6. Calculate the number of cycles it takes to execute the given code on the following models:

a) straightforward execution (like the LC-2)
b) a pipeline with scoreboarding with one multiplier and one adder (pipeline model as discussed in class)
(c) Tomasulo's algorithm with one multiplier and one adder.
(d) Show the state of the reservation stations (node tables) and the register file (with the valid bits and the tags) in part (c) after the execution of each instruction. Assume that the adder and the multiplier both have 4 entries in their associated reservation stations. Use symbolic tags for renaming as Professor Patt did in class. The structure of the reservation stations and register file (register alias table) should be the same as explained in lecture.

MUL R3,  R1, R2
ADD R5,  R4, R3
ADD R6,  R4, R1
MUL R7,  R8, R9
ADD R4,  R3, R7
MUL R10, R5, R6

Each instruction is specified with destination register first. Multiplies take 4 cycles and additions take 2 cycles.

Note: Fetch, decode, and store result stages each take 1 cycle. Do not forget to list any assumptions you make about the pipeline structure (e.g. whether it uses data forwarding).

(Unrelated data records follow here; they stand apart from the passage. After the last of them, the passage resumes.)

(* A partial function $f$ on $\{0,1\}^n$ is not submodular-extendable if and only if $f$ contains a path certificate.
   Context: Identify $\{0,1\}^n$ with subsets of $[n]$; the hypercube graph has edges $(S,S+i)$ for $i\notin S$. A partial function $f$ is a real-valued function on a subset $\mathcal{D}=\mathrm{D}(f)\subseteq\{0,1\}^n$; it is submodular-extendable if some submodular $g:2^{[n]}\to\mathbb{R}$ (i.e. $g(S+i)-g(S)\ge g(T+i)-g(T)$ whenever $S\subseteq T$, $i\notin T$) agrees with $f$ on $\mathcal{D}$. For hypercube edges $e=(S,S+i)$ and $e'=(T,T+j)$ write $e\preceq e'$ if $i=j$ and $S\subseteq T$. Consider a finite collection $\mathbf{P}$ of directed paths in the hypercube graph, each being either a directed cycle or a directed path whose two endpoints lie in $\mathcal{D}$. A traversed edge is upward if it is traversed from the smaller set to the larger and downward otherwise. Let $\mathbf{U}$ (resp. $\mathbf{D}$) be the multiset of upward (resp. downward) edge traversals in $\mathbf{P}$, counted with multiplicity. $\mathbf{P}$ is matched if there is a perfect matching between $\mathbf{U}$ and $\mathbf{D}$ in which each upward edge $e$ is matched to a downward edge $e'$ with $e\preceq e'$. The value of a path from $S\in\mathcal{D}$ to $S'\in\mathcal{D}$ is $f(S')-f(S)$, cycles have value $0$, and the value of $\mathbf{P}$ is the sum of the values of its members. A path certificate for $f$ is a matched collection $\mathbf{P}$ of negative value. *)

theory Defs
  imports Complex_Main "HOL-Library.Multiset"
begin

text \<open>Vertices of the hypercube {0,1}^n are subsets of {0..<n} (i.e. of [n], 0-indexed).
A partial function is a pair (D, f) with D a set of vertices and f :: nat set => real,
only the values of f on D being relevant.\<close>

definition submodular_on :: "nat \<Rightarrow> (nat set \<Rightarrow> real) \<Rightarrow> bool" where
  "submodular_on n g \<longleftrightarrow>
     (\<forall>S T i. S \<subseteq> T \<and> T \<subseteq> {..<n} \<and> i < n \<and> i \<notin> T \<longrightarrow>
        g (insert i S) - g S \<ge> g (insert i T) - g T)"

definition submodular_extendable :: "nat \<Rightarrow> nat set set \<Rightarrow> (nat set \<Rightarrow> real) \<Rightarrow> bool" where
  "submodular_extendable n D f \<longleftrightarrow>
     (\<exists>g. submodular_on n g \<and> (\<forall>S\<in>D. g S = f S))"

text \<open>Hypercube edges (S, S+i), i notin S, are represented as pairs (lower set, upper set).\<close>

definition hc_adj :: "nat \<Rightarrow> nat set \<Rightarrow> nat set \<Rightarrow> bool" where
  "hc_adj n u v \<longleftrightarrow> u \<subseteq> {..<n} \<and> v \<subseteq> {..<n} \<and>
     (\<exists>i<n. (i \<notin> u \<and> v = insert i u) \<or> (i \<notin> v \<and> u = insert i v))"

definition hc_walk :: "nat \<Rightarrow> nat set list \<Rightarrow> bool" where
  "hc_walk n p \<longleftrightarrow> p \<noteq> [] \<and> set p \<subseteq> Pow {..<n} \<and>
     (\<forall>k. Suc k < length p \<longrightarrow> hc_adj n (p ! k) (p ! Suc k))"

definition admissible_path :: "nat \<Rightarrow> nat set set \<Rightarrow> nat set list \<Rightarrow> bool" where
  "admissible_path n D p \<longleftrightarrow> hc_walk n p \<and>
     (hd p = last p \<or> (hd p \<in> D \<and> last p \<in> D))"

7. Prof. Patt's graduate students have decided to build a computer system using the LC-2. The system will have one LC-2 processor connected to physical memory and several disk units via a shared bus. The disk units have the ability to transfer data directly to/from the memory via the Direct Memory Access controller.

Every time a disk unit finishes a transfer, the LC-2 is interrupted, and the disk unit is given another transfer operation. The unit of transfer between the disk and the memory is a 2^12 byte page and the disk units are capable of maintaining a transfer rate of 2^18 bytes/sec. The bus itself is the latest technology and has infinite bandwidth.

After a few experiments, Prof. Patt's students found that the average disk transfer consisted of 2 pages of data. The disk interrupt handler on the LC-2 was known to take 5 msec of processing time per interrupt. The goal of their experimentation was to figure out how many disk units could be connected to the system and fully utilized. Help them out.